Kim Sujeong, Choi Byoongyong, Lee Kyunghee, Lee Sangmin, Kim Sukil
Department of Preventive Medicine and Public Health, College of Medicine, The Catholic University, Main building No. 223, 222 Banpodaero, Seoul, Korea.
Department of Internal Medicine, Seoul Medical Center, Seoul, Korea.
Health Res Policy Syst. 2021 Jun 29;19(1):98. doi: 10.1186/s12961-021-00739-5.
To evaluate the performance of the patient clinical complexity level (PCCL) mechanism, which is the patient-level complexity adjustment factor within the Korean Diagnosis-Related Groups (KDRG) patient classification system, in explaining the variation in resource consumption within age adjacent diagnosis-related groups (AADRGs).

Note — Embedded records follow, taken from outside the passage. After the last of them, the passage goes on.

lemma binary_rank_decomp:
  assumes "binary_mat A"
  obtains U V where "binary_decomp A (binary_rank A) U V"
proof -
  obtain U V where "binary_decomp A (card (col A ` {..<dim_col A})) U V"
    using binary_decomp_of_spanning_set[OF spanning_set_of_cols[OF assms]] .
  then have "\<exists>k U V. binary_decomp A k U V" by blast
  then have "\<exists>U V. binary_decomp A (LEAST k. \<exists>U V. binary_decomp A k U V) U V"
    by (rule LeastI_ex)
  then show thesis using that unfolding binary_rank_def by blast
qed

lemma ex_spanning_set_card_le_rank:
  assumes "binary_mat A"
  obtains X where "spanning_binary_set A X" "card X \<le> binary_rank A"
proof -
  obtain U V where d: "binary_decomp A (binary_rank A) U V"
    using binary_rank_decomp[OF assms] .
  let ?L = "{l. l < binary_rank A \<and> (\<exists>c<dim_col A. V $$ (l,c) \<noteq> 0)}"
  have "card ?L \<le> card {..<binary_rank A}" by (rule card_mono) auto
  then have "card (col U ` ?L) \<le> binary_rank A"
    using card_image_le[of ?L "col U"] by simp
  then show thesis using that spanning_set_of_binary_decomp[OF assms d] by blast
qed

lemma binary_base_iff:
  assumes "binary_mat A"
  shows "binary_base A X \<longleftrightarrow> spanning_binary_set A X \<and> card X = binary_rank A"
proof
  assume B: "binary_base A X"
  obtain X' where "spanning_binary_set A X'" "card X' \<le> binary_rank A"
    using ex_spanning_set_card_le_rank[OF assms] .
  then have "card X \<le> binary_rank A" using B unfolding binary_base_def by force
  then show "spanning_binary_set A X \<and> card X = binary_rank A"
    using B binary_rank_le_card[of A X] unfolding binary_base_def by simp
next
  assume "spanning_binary_set A X \<and> card X = binary_rank A"
  then show "binary_base A X" unfolding binary_base_def using binary_rank_le_card by metis
qed

lemma ex_binary_base:
  assumes "binary_mat A"
  obtains X where "binary_base A X"
proof -
  obtain X where X: "spanning_binary_set A X" "card X \<le> binary_rank A"
    using ex_spanning_set_card_le_rank[OF assms] .
  then have "card X = binary_rank A" using binary_rank_le_card[OF X(1)] by simp
  then show thesis using that X(1) binary_base_iff[OF assms] by blast
qed

text \<open>Otherwise the columns of X used by nonzero rows of Y would span A with fewer than
  binary_rank A vectors.\<close>

lemma optimal_decomp_row_nonzero:
  assumes bA: "binary_mat A" and opt: "optimal_binary_decomp A X Y" and l: "l < binary_rank A"
  shows "\<exists>c<dim_col A. Y $$ (l,c) \<noteq> 0"
proof (rule ccontr)
  assume zero: "\<not> ?thesis"
  let ?L = "{l. l < binary_rank A \<and> (\<exists>c<dim_col A. Y $$ (l,c) \<noteq> 0)}"
  have d: "binary_decomp A (binary_rank A) X Y" using opt unfolding optimal_binary_decomp_def .
  have "card ?L \<le> card ({..<binary_rank A} - {l})" using zero by (intro card_mono) auto
  then have "card ?L < binary_rank A" using l by simp
  moreover have "binary_rank A \<le> card (col X ` ?L)"
    using binary_rank_le_card[OF spanning_set_of_binary_decomp[OF bA d]] .
  ultimately show False using card_image_le[of ?L "col X"] by simp
qed

lemma optimal_decomp_of_base:
  assumes "binary_mat A" "binary_base A B"
  obtains X Y where "optimal_binary_decomp A X Y" "col X ` {..<binary_rank A} = B"
proof -
  have sp: "spanning_binary_set A B" and card: "card B = binary_rank A"
    using assms binary_base_iff by blast+
  obtain X Y where "binary_decomp A (card B) X Y" "col X ` {..<card B} = B"
    using binary_decomp_of_spanning_set[OF sp] .
  then show thesis using that card unfolding optimal_binary_decomp_def by simp
qed

lemma optimal_decomp_zero_row:
  assumes bA: "binary_mat A" and opt: "optimal_binary_decomp A X Y"
    and i: "i < dim_row A" and zero: "\<forall>c<dim_col A. A $$ (i,c) = 0" and l: "l < binary_rank A"
  shows "X $$ (i,l) = 0"
proof -
  have d: "binary_decomp A (binary_rank A) X Y" using opt unfolding optimal_binary_decomp_def .
  obtain c where c: "c < dim_col A" "Y $$ (l,c) \<noteq> 0"
    using optimal_decomp_row_nonzero[OF bA opt l] by blast
  have "X $$ (i,l) * Y $$ (l,c) \<le> (\<Sum>j<binary_rank A. X $$ (i,j) * Y $$ (j,c))"
    using l by (intro member_le_sum) auto
  also have "\<dots> = 0" using binary_decomp_entry[OF d i c(1)] zero c(1) by simp
  finally show ?thesis using c(2) by simp
qed
(* Let $V$ be a Whittaker module of type $\eta$ over $R$. Then $\mathrm{End}_R(V)\cong Z(R)/Z_V$ (via the action of the center on $V$). In particular $\mathrm{End}_R(V)$ is commutative.
   Context: Let $f\in\mathbb{C}[H]$ be a polynomial. $R=R(f)$ is the associative $\mathbb{C}$-algebra generated by $E,F,H$ with relations $EF-FE=f(H)$, $HE-EH=E$, $HF-FH=-F$. Let $R(E)=\mathbb{C}[E]$; $Z(R)$ is the center of $R$. Fix an algebra homomorphism $\eta:R(E)\to\mathbb{C}$ with $\eta(E)\neq0$. A vector $v$ of an $R$-module $V$ is a Whittaker vector (of type $\eta$) if $Ev=\eta(E)v$; $V$ is a Whittaker module of type $\eta$ if $V=Rv$ for some Whittaker vector $v$. $Z_V=\mathrm{Ann}_R(V)\cap Z(R)$. *)

theory Defs
  imports "HOL-Computational_Algebra.Polynomial"
begin

datatype gen = GE | GF | GH

text \<open>The free associative C-algebra on E, F, H: finitely supported functions
  from words (lists of generators) to complex coefficients.\<close>
type_synonym fa = "gen list \<Rightarrow> complex"

definition FA :: "fa set" where
  "FA = {p. finite {w. p w \<noteq> 0}}"

definition fa_add :: "fa \<Rightarrow> fa \<Rightarrow> fa" where
  "fa_add p q = (\<lambda>w. p w + q w)"

definition fa_neg :: "fa \<Rightarrow> fa" where
  "fa_neg p = (\<lambda>w. - p w)"

definition fa_sub :: "fa \<Rightarrow> fa \<Rightarrow> fa" where
  "fa_sub p q = (\<lambda>w. p w - q w)"

definition fa_mult :: "fa \<Rightarrow> fa \<Rightarrow> fa" where
  "fa_mult p q = (\<lambda>w. \<Sum>i\<le>length w. p (take i w) * q (drop i w))"

definition fa_const :: "complex \<Rightarrow> fa" where
  "fa_const c = (\<lambda>w. if w = [] then c else 0)"

definition fa_word :: "gen list \<Rightarrow> fa" where
  "fa_word u = (\<lambda>w. if w = u then 1 else 0)"

abbreviation "fa_E \<equiv> fa_word [GE]"
abbreviation "fa_F \<equiv> fa_word [GF]"
abbreviation "fa_H \<equiv> fa_word [GH]"

definition fa_polyH :: "complex poly \<Rightarrow> fa" where
  "fa_polyH f = (\<lambda>w. if set w \<subseteq> {GH} then coeff f (length w) else 0)"

definition R_rels :: "complex poly \<Rightarrow> fa set" where
  "R_rels f = {
     fa_sub (fa_sub (fa_mult fa_E fa_F) (fa_mult fa_F fa_E)) (fa_polyH f),
     fa_sub (fa_sub (fa_mult fa_H fa_E) (fa_mult fa_E fa_H)) fa_E,
     fa_add (fa_sub (fa_mult fa_H fa_F) (fa_mult fa_F fa_H)) fa_F }"

text \<open>The two-sided ideal of the free algebra generated by the relations;
  R(f) is the quotient FA / R_ideal f.\<close>
inductive_set R_ideal :: "complex poly \<Rightarrow> fa set" for f where
  zero: "(\<lambda>_. 0) \<in> R_ideal f"
| add: "x \<in> R_ideal f \<Longrightarrow> y \<in> R_ideal f \<Longrightarrow> fa_add x y \<in> R_ideal f"
| gen: "r \<in> R_rels f \<Longrightarrow> a \<in> FA \<Longrightarrow> b \<in> FA \<Longrightarrow> fa_mult (fa_mult a r) b \<in> R_ideal f"

text \<open>Representatives of central elements of R(f): z with zb - bz in the ideal
  for all b.\<close>
definition R_center :: "complex poly \<Rightarrow> fa set" where
  "R_center f = {z \<in> FA. \<forall>b\<in>FA. fa_sub (fa_mult z b) (fa_mult b z) \<in> R_ideal f}"

text \<open>An R(f)-module: an abelian group V with an action of the free algebra
  (which makes V a complex vector space via the scalars) annihilated by the ideal
  of relations; this is exactly a module over R(f).\<close>
definition R_module :: "complex poly \<Rightarrow> (fa \<Rightarrow> 'v::ab_group_add \<Rightarrow> 'v) \<Rightarrow> bool" where
  "R_module f act \<longleftrightarrow>
     (\<forall>p\<in>FA. \<forall>x y. act p (x + y) = act p x + act p y) \<and>
     (\<forall>p\<in>FA. \<forall>q\<in>FA. \<forall>x. act (fa_add p q) x = act p x + act q x) \<and>
     (\<forall>p\<in>FA. \<forall>q\<in>FA. \<forall>x. act (fa_mult p q) x = act p (act q x)) \<and>
     (\<forall>x. act (fa_const 1) x = x) \<and>
     (\<forall>r\<in>R_ideal f. \<forall>x. act r x = 0)"

definition whittaker_vector :: "(fa \<Rightarrow> 'v \<Rightarrow> 'v) \<Rightarrow> complex \<Rightarrow> 'v \<Rightarrow> bool" where
  "whittaker_vector act eta v \<longleftrightarrow> act fa_E v = act (fa_const eta) v"

text \<open>Whittaker module of type eta (eta = eta(E), assumed nonzero): V = R v.\<close>
definition whittaker_module :: "complex poly \<Rightarrow> (fa \<Rightarrow> 'v::ab_group_add \<Rightarrow> 'v) \<Rightarrow> complex \<Rightarrow> bool" where
  "whittaker_module f act eta \<longleftrightarrow> R_module f act \<and>
     (\<exists>v. whittaker_vector act eta v \<and> (\<forall>x. \<exists>p\<in>FA. x = act p v))"

text \<open>End_R(V): additive maps commuting with the action (hence C-linear).\<close>
definition R_End :: "(fa \<Rightarrow> 'v::ab_group_add \<Rightarrow> 'v) \<Rightarrow> ('v \<Rightarrow> 'v) set" where
  "R_End act = {\<phi>. (\<forall>x y. \<phi> (x + y) = \<phi> x + \<phi> y) \<and>
                   (\<forall>p\<in>FA. \<forall>x. \<phi> (act p x) = act p (\<phi> x))}"

definition Z_ann :: "complex poly \<Rightarrow> (fa \<Rightarrow> 'v::ab_group_add \<Rightarrow> 'v) \<Rightarrow> fa set" where
  "Z_ann f act = {z \<in> R_center f. \<forall>x. act z x = 0}"

end

theory Submission
  imports Defs
begin

text \<open>
  Choose u with u(H) - u(H - 1) = f(H); then the Casimir element \<Omega> = FE + u(H) is central.
  Because E p(H) = p(H - 1) E, F p(H) = p(H + 1) F and \<eta> F v = (\<Omega> - u(H)) v for the
  Whittaker vector v, every vector of V = Rv is G(\<Omega>, H) v for a polynomial G in H with
  coefficients in \<complex>[\<Omega>], and E acts on it as \<eta> G(\<Omega>, H - 1) v.  Hence the G with
  G(\<Omega>, H) v = 0 form an ideal stable under H \<mapsto> H - 1.  Taking differences lowers the degree
  in H and multiplies the leading coefficient by a positive integer, so such an ideal contains
  G - G(\<Omega>, 0) as soon as it contains G(\<Omega>, H) - G(\<Omega>, H - 1).  Therefore every Whittaker
  vector of V is c(\<Omega>) v with c(\<Omega>) central.  An endomorphism \<phi> is determined by the
  Whittaker vector \<phi>(v), so it is the action of a central element; endomorphisms therefore
  commute, and two central elements act alike iff their difference lies in Z_V.
\<close>

section \<open>Backward differences of polynomials\<close>

abbreviation shift_down :: "'a::comm_ring_1 poly \<Rightarrow> 'a poly" where
  "shift_down p \<equiv> pcompose p [:-1, 1:]"

abbreviation shift_up :: "'a::comm_ring_1 poly \<Rightarrow> 'a poly" where
  "shift_up p \<equiv> pcompose p [:1, 1:]"

lemma shift_down_pCons: "shift_down (pCons a p) = [:a:] + pCons 0 (shift_down p) - shift_down p"
  by (simp add: pcompose_pCons algebra_simps)

lemma shift_up_pCons: "shift_up (pCons a p) = [:a:] + pCons 0 (shift_up p) + shift_up p"
  by (simp add: pcompose_pCons algebra_simps)

lemma coeff_shift_down_top:
  fixes p :: "'a::idom poly"
  assumes "degree p \<le> n"
  shows "coeff (shift_down p) n = coeff p n"
proof (cases "degree p = n")
  case True
  then show ?thesis using lead_coeff_comp[of "[:-1, 1:]" p] by (simp add: degree_pcompose)
next
  case False
  with assms have "degree (shift_down p) < n" by (simp add: degree_pcompose)
  with False assms show ?thesis by (simp add: coeff_eq_0)
qed

lemma backward_difference_pCons:
  "pCons a p - shift_down (pCons a p) = pCons 0 (p - shift_down p) + shift_down p"
  by (simp add: shift_down_pCons)

lemma backward_difference_top_coeff:
  fixes p :: "'a::idom poly"
  assumes "degree p \<le> Suc n"
  shows "degree (p - shift_down p) \<le> n
    \<and> coeff (p - shift_down p) n = of_nat (Suc n) * coeff p (Suc n)"
  using assms
proof (induction n arbitrary: p)
  case 0
  obtain a q where p: "p = pCons a q" by (cases p)
  with "0" have "degree q = 0" by (simp split: if_splits)
  then obtain c where "q = [:c:]" by (rule degree_eq_zeroE)
  then show ?case by (simp add: p backward_difference_pCons)
next
  case (Suc m)
  obtain a q where p: "p = pCons a q" by (cases p)
  with Suc.prems have q: "degree q \<le> Suc m" by (simp split: if_splits)
  note IH = Suc.IH[OF q]
  have "degree (pCons 0 (q - shift_down q)) \<le> Suc m"
    using IH by (metis degree_pCons_le le_trans Suc_le_mono)
  moreover have "degree (shift_down q) \<le> Suc m"
    using q by (simp add: degree_pcompose)
  ultimately have "degree (p - shift_down p) \<le> Suc m"
    unfolding p backward_difference_pCons by (rule degree_add_le)
  moreover
  have "coeff (p - shift_down p) (Suc m) = of_nat (Suc m) * coeff q (Suc m) + coeff q (Suc m)"
    unfolding p backward_difference_pCons using IH coeff_shift_down_top[OF q] by simp
  then have "coeff (p - shift_down p) (Suc m) = of_nat (Suc (Suc m)) * coeff p (Suc (Suc m))"
    by (simp add: p algebra_simps)
  ultimately show ?case ..
qed

lemma backward_difference_degree:
  fixes p :: "'a::{idom,ring_char_0} poly"
  assumes "degree p = Suc n"
  shows "degree (p - shift_down p) = n"
    and "lead_coeff (p - shift_down p) = of_nat (Suc n) * lead_coeff p"
proof -
  have le: "degree (p - shift_down p) \<le> n"
    and c: "coeff (p - shift_down p) n = of_nat (Suc n) * lead_coeff p"
    using backward_difference_top_coeff[of p n] assms by simp_all
  have "p \<noteq> 0" using assms by auto
  then have "coeff (p - shift_down p) n \<noteq> 0"
    unfolding c by (simp del: of_nat_Suc)
  then have "n \<le> degree (p - shift_down p)" by (rule le_degree)
  with le show "degree (p - shift_down p) = n" by simp
  with c show "lead_coeff (p - shift_down p) = of_nat (Suc n) * lead_coeff p" by simp
qed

We used the inpatient claims data from a public hospital in Korea from 1 January 2017 to 30 June 2019, with 18 846 claims and 138 AADRGs. The differences in the total average payment between the four PCCL levels for each AADRG was tested using ANOVA and Duncan's post hoc test. The three patterns of differences with R-squared were as follows: the PCCL reflected the complexity well (valid); the average payment for PCCL 2, 3, and 4 was greater than PCCL 0 (partially valid); the PCCL did not reflect the complexity (not valid).
There were 9 (6.52%), 26 (18.84%), and 103 (74.64%) ADRGs included in the valid, partially valid, and not valid categories, respectively. The average R-squared values were 32.18, 40.81, and 35.41%, respectively, with an average R-squared for all patterns of 36.21%.
Adjustment using the PCCL in the KDRG classification system exhibited low performance in explaining the variation in resource consumption within AADRGs. As the KDRG classification system is used for reimbursement under the new DRG-based prospective payment system (PPS) pilot project, with plans for expansion, there should be an overall review of the validity of the complexity and rationality of using the KDRG classification system.
韩国诊断相关分组(KDRG)患者分类系统中的患者临床复杂程度水平(PCCL)机制作为患者层面的复杂性调整因子,本研究旨在评估其在解释年龄相邻诊断相关分组(AADRG)内资源消耗差异方面的表现。
我们使用了韩国一家公立医院2017年1月1日至2019年6月30日的住院患者理赔数据,共有18846份理赔记录和138个AADRG。使用方差分析和邓肯事后检验对每个AADRG的四个PCCL水平之间的总平均支付差异进行了检验。与决定系数(R²)相关的三种差异模式如下:PCCL能很好地反映复杂性(有效);PCCL 2、3和4的平均支付高于PCCL 0(部分有效);PCCL不能反映复杂性(无效)。
有效、部分有效和无效类别分别包含9个(6.52%)、26个(18.84%)和103个(74.64%)AADRG。平均R²值分别为32.18%、40.81%和35.41%,所有模式的平均R²为36.21%。
在KDRG分类系统中使用PCCL进行调整,在解释AADRG内资源消耗差异方面表现不佳。由于KDRG分类系统用于新的基于诊断相关分组的前瞻性支付系统(PPS)试点项目下的报销,且有扩大计划,因此应全面审查KDRG分类系统复杂性的有效性和使用的合理性。